Beneath this task are records; state how many of their lines hold the word "thesis", and nothing else.
─── Recorded information ───
lemma hermitian_mat_kernel_square:
  fixes B :: "complex mat"
  assumes B: "B \<in> carrier_mat n n"
    and herm: "\<And>i j. i < n \<Longrightarrow> j < n \<Longrightarrow> B $$ (j, i) = cnj (B $$ (i, j))"
  shows "mat_kernel (B * B) = mat_kernel B"
proof
  show "mat_kernel B \<subseteq> mat_kernel (B * B)" by (rule mat_kernel_mult_subset[OF B B])
  show "mat_kernel (B * B) \<subseteq> mat_kernel B"
  proof
    fix v assume "v \<in> mat_kernel (B * B)"
    then have v: "v \<in> carrier_vec n" and BBv: "B *\<^sub>v (B *\<^sub>v v) = 0\<^sub>v n"
      using B by (auto simp: mat_kernel_def)
    have "(B *\<^sub>v v) \<bullet>c (B *\<^sub>v v) = v \<bullet>c (B *\<^sub>v (B *\<^sub>v v))"
      using B v by (intro hermitian_cscalar_prod herm) auto
    also have "\<dots> = 0" using BBv v by simp
    finally have "B *\<^sub>v v = 0\<^sub>v n"
      using conjugate_square_eq_0_vec[of "B *\<^sub>v v" n] B v by simp
    then show "v \<in> mat_kernel B" using B v by (auto simp: mat_kernel_def)
  qed
qed

lemma sum_list_eq_sum_list_min_1:
  fixes xs :: "nat list"
  assumes "(\<Sum>x\<leftarrow>xs. min 2 x) = (\<Sum>x\<leftarrow>xs. min 1 x)"
  shows "sum_list xs = (\<Sum>x\<leftarrow>xs. min 1 x)"
  using assms
proof (induction xs)
  case (Cons x xs)
  have "(\<Sum>x\<leftarrow>xs. min 1 x) \<le> (\<Sum>x\<leftarrow>xs. min 2 x)"
    by (induction xs) auto
  with Cons.prems have "min 2 x = min 1 x" and "(\<Sum>x\<leftarrow>xs. min 2 x) = (\<Sum>x\<leftarrow>xs. min 1 x)"
    by auto
  with Cons.IH show ?case by auto
qed simp

text \<open>Once the generalized eigenspaces stop growing at exponent 1, all Jordan blocks of the
  eigenvalue are trivial.\<close>
lemma order_char_poly_eq_dim_eigenspace:
  fixes B :: "complex mat"
  assumes B: "B \<in> carrier_mat n n"
    and stable: "dim_gen_eigenspace B ev 2 = dim_gen_eigenspace B ev 1"
  shows "Polynomial.order ev (char_poly B) = dim_gen_eigenspace B ev 1"
proof -
  obtain as where "char_poly B = (\<Prod>a\<leftarrow>as. [:- a, 1:])"
    using char_poly_factorized[OF B] by auto
  then obtain n_as where jnf: "jordan_nf B n_as" using jordan_nf_exists[OF B] by blast
  let ?xs = "map fst [(n, e)\<leftarrow>n_as . e = ev]"
  have "Polynomial.order ev (char_poly B) = sum_list ?xs"
    unfolding jordan_nf_order[OF jnf] by (induction n_as) auto
  also have "\<dots> = (\<Sum>x\<leftarrow>?xs. min 1 x)"
    using stable by (intro sum_list_eq_sum_list_min_1) (simp add: dim_gen_eigenspace[OF jnf])
  also have "\<dots> = dim_gen_eigenspace B ev 1" by (simp add: dim_gen_eigenspace[OF jnf])
  finally show ?thesis .
qed

text \<open>The Jordan normal form is only available after complexification.\<close>
lemma order_zero_char_poly_symmetric:
  fixes A :: "real mat"
  assumes A: "A \<in> carrier_mat n n"
    and sym: "\<And>i j. i < n \<Longrightarrow> j < n \<Longrightarrow> A $$ (j, i) = A $$ (i, j)"
  shows "Polynomial.order 0 (char_poly A) = kernel_dim (map_mat complex_of_real A)"
proof -
  define B where "B = map_mat complex_of_real A"
  have B: "B \<in> carrier_mat n n" using A by (simp add: B_def)
  have herm: "B $$ (j, i) = cnj (B $$ (i, j))" if "i < n" "j < n" for i j
    using A sym[OF that] that by (simp add: B_def)
  have "map_poly_inj_idom_divide_hom (complex_of_real)" ..
  then have complexify: "Polynomial.order 0 (char_poly A) = Polynomial.order 0 (char_poly B)"
    using map_poly_inj_idom_divide_hom.order_hom[of complex_of_real 0 "char_poly A"]
    by (simp add: B_def of_real_hom.char_poly_hom[OF A])
  have char0: "char_matrix B 0 = B" using B by (auto simp: char_matrix_def)
  have "dim_gen_eigenspace B 0 2 = dim_gen_eigenspace B 0 1"
    using B hermitian_mat_kernel_square[OF B herm]
    by (simp add: dim_gen_eigenspace_def kernel_dim_def numeral_2_eq_2 char0)
  then have "Polynomial.order 0 (char_poly B) = dim_gen_eigenspace B 0 1"
    by (rule order_char_poly_eq_dim_eigenspace[OF B])
  also have "\<dots> = kernel_dim B"
    using B by (simp add: dim_gen_eigenspace_def char0)
  finally show ?thesis by (simp add: complexify B_def)
qed

lemma kernel_dim_ge_card:
  fixes M :: "'a::field mat"
  assumes M: "M \<in> carrier_mat nr n" and I: "finite I"
    and ker: "\<And>i. i \<in> I \<Longrightarrow> v i \<in> mat_kernel M"
    and pivot: "\<And>i. i \<in> I \<Longrightarrow> p i < n"
    and diag: "\<And>i. i \<in> I \<Longrightarrow> v i $ p i \<noteq> 0"
    and off: "\<And>i j. i \<in> I \<Longrightarrow> j \<in> I \<Longrightarrow> i \<noteq> j \<Longrightarrow> v j $ p i = 0"
  shows "card I \<le> kernel_dim M"
proof -
  interpret K: kernel nr n M by unfold_locales (rule M)
  have inj: "inj_on v I" using diag off by (metis inj_onI)
  let ?S = "v ` I"
  have SK: "?S \<subseteq> mat_kernel M" using ker by auto
  then have SC: "?S \<subseteq> carrier_vec n" using mat_kernel_carrier[OF M] by auto
  have "K.NC.lin_indpt ?S"
  proof (rule K.NC.finite_lin_indpt2[OF finite_imageI[OF I] SC])
    fix a assume lc: "K.NC.lincomb a ?S = 0\<^sub>v n"
    show "\<forall>w\<in>?S. a w = 0"
    proof
      fix w assume "w \<in> ?S"
      then obtain i where i: "i \<in> I" and w: "w = v i" by auto
      have "0 = K.NC.lincomb a ?S $ p i" using lc pivot[OF i] by simp
      also have "\<dots> = (\<Sum>j\<in>I. a (v j) * v j $ p i)"
        using K.NC.lincomb_index[OF pivot[OF i] SC] sum.reindex[OF inj] by simp
      also have "\<dots> = a (v i) * v i $ p i + (\<Sum>j\<in>I - {i}. a (v j) * v j $ p i)"
        by (rule sum.remove[OF I i])
      also have "(\<Sum>j\<in>I - {i}. a (v j) * v j $ p i) = 0"
        using off[OF i] by (intro sum.neutral) auto
      finally show "a w = 0" using diag[OF i] w by simp
    qed
  qed
  then have "K.lin_indpt ?S" using K.lindep_same[OF SK] by simp
  moreover obtain B where "finite B" "K.basis B" using kernel_basis_exists[OF M] by auto
  then have "K.Ker.fin_dim" unfolding K.Ker.fin_dim_def K.Ker.basis_def by auto
  ultimately have "card ?S \<le> K.dim" using K.Ker.li_le_dim(2) SK by simp
  then show ?thesis using card_image[OF inj] by simp
qed

lemma mat_kernel_eq_if_restrict_eq:
  fixes M :: "'a::field mat"
  assumes M: "M \<in> carrier_mat nr n" and h: "\<And>i. i < m \<Longrightarrow> h i < n"
    and vanish: "\<And>x. x \<in> mat_kernel M \<Longrightarrow> vec m (\<lambda>i. x $ h i) = 0\<^sub>v m \<Longrightarrow> x = 0\<^sub>v n"
    and x: "x \<in> mat_kernel M" and y: "y \<in> mat_kernel M"
    and eq: "vec m (\<lambda>i. x $ h i) = vec m (\<lambda>i. y $ h i)"
  shows "x = y"
proof -
  have xc: "x \<in> carrier_vec n" and yc: "y \<in> carrier_vec n"
    using x y mat_kernel_carrier[OF M] by auto
  have "M *\<^sub>v (x - y) = M *\<^sub>v x - M *\<^sub>v y"
    using M xc yc by (simp add: mult_minus_distrib_mat_vec)
  then have "x - y \<in> mat_kernel M"
    using M xc yc mat_kernelD[OF M x] mat_kernelD[OF M y] by (intro mat_kernelI[OF M]) auto
  moreover have "vec m (\<lambda>i. (x - y) $ h i) = 0\<^sub>v m"
  proof (rule eq_vecI)
    fix i assume "i < dim_vec (0\<^sub>v m :: 'a vec)"
    then show "vec m (\<lambda>i. (x - y) $ h i) $ i = 0\<^sub>v m $ i"
      using arg_cong[OF eq, of "\<lambda>v. v $ i"] h yc by simp
  qed simp
  ultimately have "x - y = 0\<^sub>v n" by (rule vanish)
  show ?thesis
  proof (rule eq_vecI)
    fix i assume "i < dim_vec y"
    then have "(x - y) $ i = 0" using \<open>x - y = 0\<^sub>v n\<close> yc by simp
    then show "x $ i = y $ i" using \<open>i < dim_vec y\<close> xc yc by simp
  qed (use xc yc in simp)
qed

text \<open>Restricting to the coordinates h 0, ..., h (m - 1) is injective on the kernel, so it maps
  a basis of the kernel to a linearly independent family in m-space.\<close>
lemma kernel_dim_le_restrict:
  fixes M :: "'a::field mat"
  assumes M: "M \<in> carrier_mat nr n" and h: "\<And>i. i < m \<Longrightarrow> h i < n"
    and vanish: "\<And>x. x \<in> mat_kernel M \<Longrightarrow> vec m (\<lambda>i. x $ h i) = 0\<^sub>v m \<Longrightarrow> x = 0\<^sub>v n"
  shows "kernel_dim M \<le> m"
proof -
  interpret K: kernel nr n M by unfold_locales (rule M)
  interpret Vm: vec_space "TYPE('a)" m .
  define restrict where "restrict x = vec m (\<lambda>i. x $ h i)" for x :: "'a vec"
  obtain B where finB: "finite B" and bas: "K.basis B" using kernel_basis_exists[OF M] by auto
  have BK: "B \<subseteq> mat_kernel M" using bas unfolding K.Ker.basis_def by auto
  have BC: "B \<subseteq> carrier_vec n" using BK mat_kernel_carrier[OF M] by auto
  have liB: "K.NC.lin_indpt B" using bas K.lindep_same[OF BK] unfolding K.Ker.basis_def by simp
  have inj: "inj_on restrict B"
  proof (rule inj_onI)
    fix x y assume "x \<in> B" "y \<in> B" "restrict x = restrict y"
    then show "x = y"
      using mat_kernel_eq_if_restrict_eq[where m = m and h = h, OF M h vanish, of x y] BK
      unfolding restrict_def by blast
  qed
  have RC: "restrict ` B \<subseteq> carrier_vec m" by (auto simp: restrict_def)
  have "Vm.lin_indpt (restrict ` B)"
  proof (rule Vm.finite_lin_indpt2[OF finite_imageI[OF finB] RC])
    fix a assume lc: "Vm.lincomb a (restrict ` B) = 0\<^sub>v m"
    define y where "y = K.NC.lincomb (a \<circ> restrict) B"
    have yK: "y \<in> mat_kernel M"
      using K.Ker.lincomb_closed[of B "a \<circ> restrict"] BK K.lincomb_same[OF BK] by (simp add: y_def)
    have "restrict y = 0\<^sub>v m"
    proof (rule eq_vecI)
      fix i assume "i < dim_vec (0\<^sub>v m :: 'a vec)"
      then have i: "i < m" by simp
      have "restrict y $ i = (\<Sum>b\<in>B. a (restrict b) * restrict b $ i)"
        using K.NC.lincomb_index[OF h[OF i] BC] i by (simp add: restrict_def y_def)
      also have "\<dots> = Vm.lincomb a (restrict ` B) $ i"
        unfolding Vm.lincomb_index[OF i RC] sum.reindex[OF inj] by simp
      finally show "restrict y $ i = 0\<^sub>v m $ i" using lc i by simp
    qed (simp add: restrict_def)
    then have "K.NC.lincomb (a \<circ> restrict) B = 0\<^sub>v n"
      using vanish[OF yK] unfolding restrict_def y_def by blast
    then have "a \<circ> restrict \<in> B \<rightarrow> {0}"
      using K.NC.not_lindepD[OF liB finB subset_refl] by simp
    then show "\<forall>w\<in>restrict ` B. a w = 0" by auto
  qed
  then have "card (restrict ` B) \<le> m" using Vm.li_le_dim(2)[OF Vm.fin_dim RC] Vm.dim_is_n by simp
  then show ?thesis using K.Ker.dim_basis[OF finB bas] card_image[OF inj] by simp
qed

lemma kernel_dim_le_card:
  fixes M :: "'a::field mat"
  assumes M: "M \<in> carrier_mat nr n" and T: "T \<subseteq> {..<n}"
    and vanish: "\<And>x. x \<in> mat_kernel M \<Longrightarrow> (\<forall>t\<in>T. x $ t = 0) \<Longrightarrow> x = 0\<^sub>v n"
  shows "kernel_dim M \<le> card T"
proof -
  obtain h where h: "bij_betw h {0..<card T} T"
    using ex_bij_betw_nat_finite finite_subset[OF T] by blast
  show ?thesis
  proof (rule kernel_dim_le_restrict[OF M])
    show "h i < n" if "i < card T" for i using bij_betwE[OF h] T that by auto
    fix x assume "x \<in> mat_kernel M" and restrict: "vec (card T) (\<lambda>i. x $ h i) = 0\<^sub>v (card T)"
    have "x $ t = 0" if "t \<in> T" for t
    proof -
      obtain i where "i \<in> {0..<card T}" "t = h i" using h \<open>t \<in> T\<close> unfolding bij_betw_def by blast
      then show ?thesis using arg_cong[OF restrict, of "\<lambda>v. v $ i"] by simp
    qed
    then show "x = 0\<^sub>v n" using vanish[OF \<open>x \<in> mat_kernel M\<close>] by blast
  qed
qed

section \<open>Two-step recurrences\<close>

lemma two_step_recurrence_step:
  fixes u w x z :: "'a::comm_ring_1"
  assumes "u * x + w * z = 0" and "w * w = 1"
  shows "z = - u * w * x"
proof -
  have "z = w * (w * z)" using assms(2) by (simp add: mult.assoc[symmetric])
  also have "w * z = - u * x" using assms(1) by (simp add: eq_neg_iff_add_eq_0 add.commute)
  finally show ?thesis by (simp add: ac_simps)
qed

lemma two_step_recurrence_closed_form:
  fixes y f :: "nat \<Rightarrow> 'a::comm_ring_1"
  assumes unit: "\<And>k. f k * f k = 1"
    and rec: "\<And>j. j < t \<Longrightarrow> f (a + 2 * j) * y (a + 2 * j) + f (Suc (a + 2 * j)) * y (a + 2 * j + 2) = 0"
  shows "y (a + 2 * t) = (-1) ^ t * (\<Prod>k<2 * t. f (a + k)) * y a"
  using rec
proof (induction t)
  case (Suc t)
  have "y (a + 2 * t) = (-1) ^ t * (\<Prod>k<2 * t. f (a + k)) * y a"
    using Suc by simp
  moreover have "y (a + 2 * Suc t) = - f (a + 2 * t) * f (Suc (a + 2 * t)) * y (a + 2 * t)"
    using two_step_recurrence_step[OF Suc.prems[of t] unit] by simp
  ultimately show ?case by (simp add: algebra_simps)
qed simp

lemma two_step_recurrence_zero_iff:
  fixes y f :: "nat \<Rightarrow> 'a::idom"
  assumes unit: "\<And>k. f k * f k = 1"
    and rec: "\<And>j. j < t \<Longrightarrow> f (a + 2 * j) * y (a + 2 * j) + f (Suc (a + 2 * j)) * y (a + 2 * j + 2) = 0"
  shows "y (a + 2 * t) = 0 \<longleftrightarrow> y a = 0"
proof -
  have "f k \<noteq> 0" for k using unit[of k] by auto
  then have "(\<Prod>k<2 * t. f (a + k)) \<noteq> 0" by simp
  then show ?thesis using two_step_recurrence_closed_form[of f, OF unit rec] by simp
qed

lemma two_step_recurrence_vanishes:
  fixes y f :: "nat \<Rightarrow> 'a::idom"
  assumes unit: "\<And>k. f k * f k = 1"
    and rec: "\<And>k. k + 2 \<le> m \<Longrightarrow> f k * y k + f (Suc k) * y (k + 2) = 0"
    and "y 0 = 0" and "odd d\<^sub>1" "d\<^sub>1 \<le> m" "y d\<^sub>1 = 0" and "d \<le> m"
  shows "y d = 0"
proof -
  have zero_iff: "y (a + 2 * t) = 0 \<longleftrightarrow> y a = 0" if "a + 2 * t \<le> m" for a t
    by (rule two_step_recurrence_zero_iff[of f, OF unit]) (use rec that in simp)
  show ?thesis
  proof (cases "even d")
    case True
    then show ?thesis using zero_iff[of 0 "d div 2"] assms by simp
  next
    case False
    let ?lo = "min d d\<^sub>1" and ?hi = "max d d\<^sub>1"
    have "?hi = ?lo + 2 * ((?hi - ?lo) div 2)" using False assms by presburger
    then have "y ?hi = 0 \<longleftrightarrow> y ?lo = 0" using zero_iff[of ?lo "(?hi - ?lo) div 2"] assms by simp
    then show ?thesis using assms by (cases "d \<le> d\<^sub>1") auto
  qed
qed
───
■ Solution to this exercise ■
12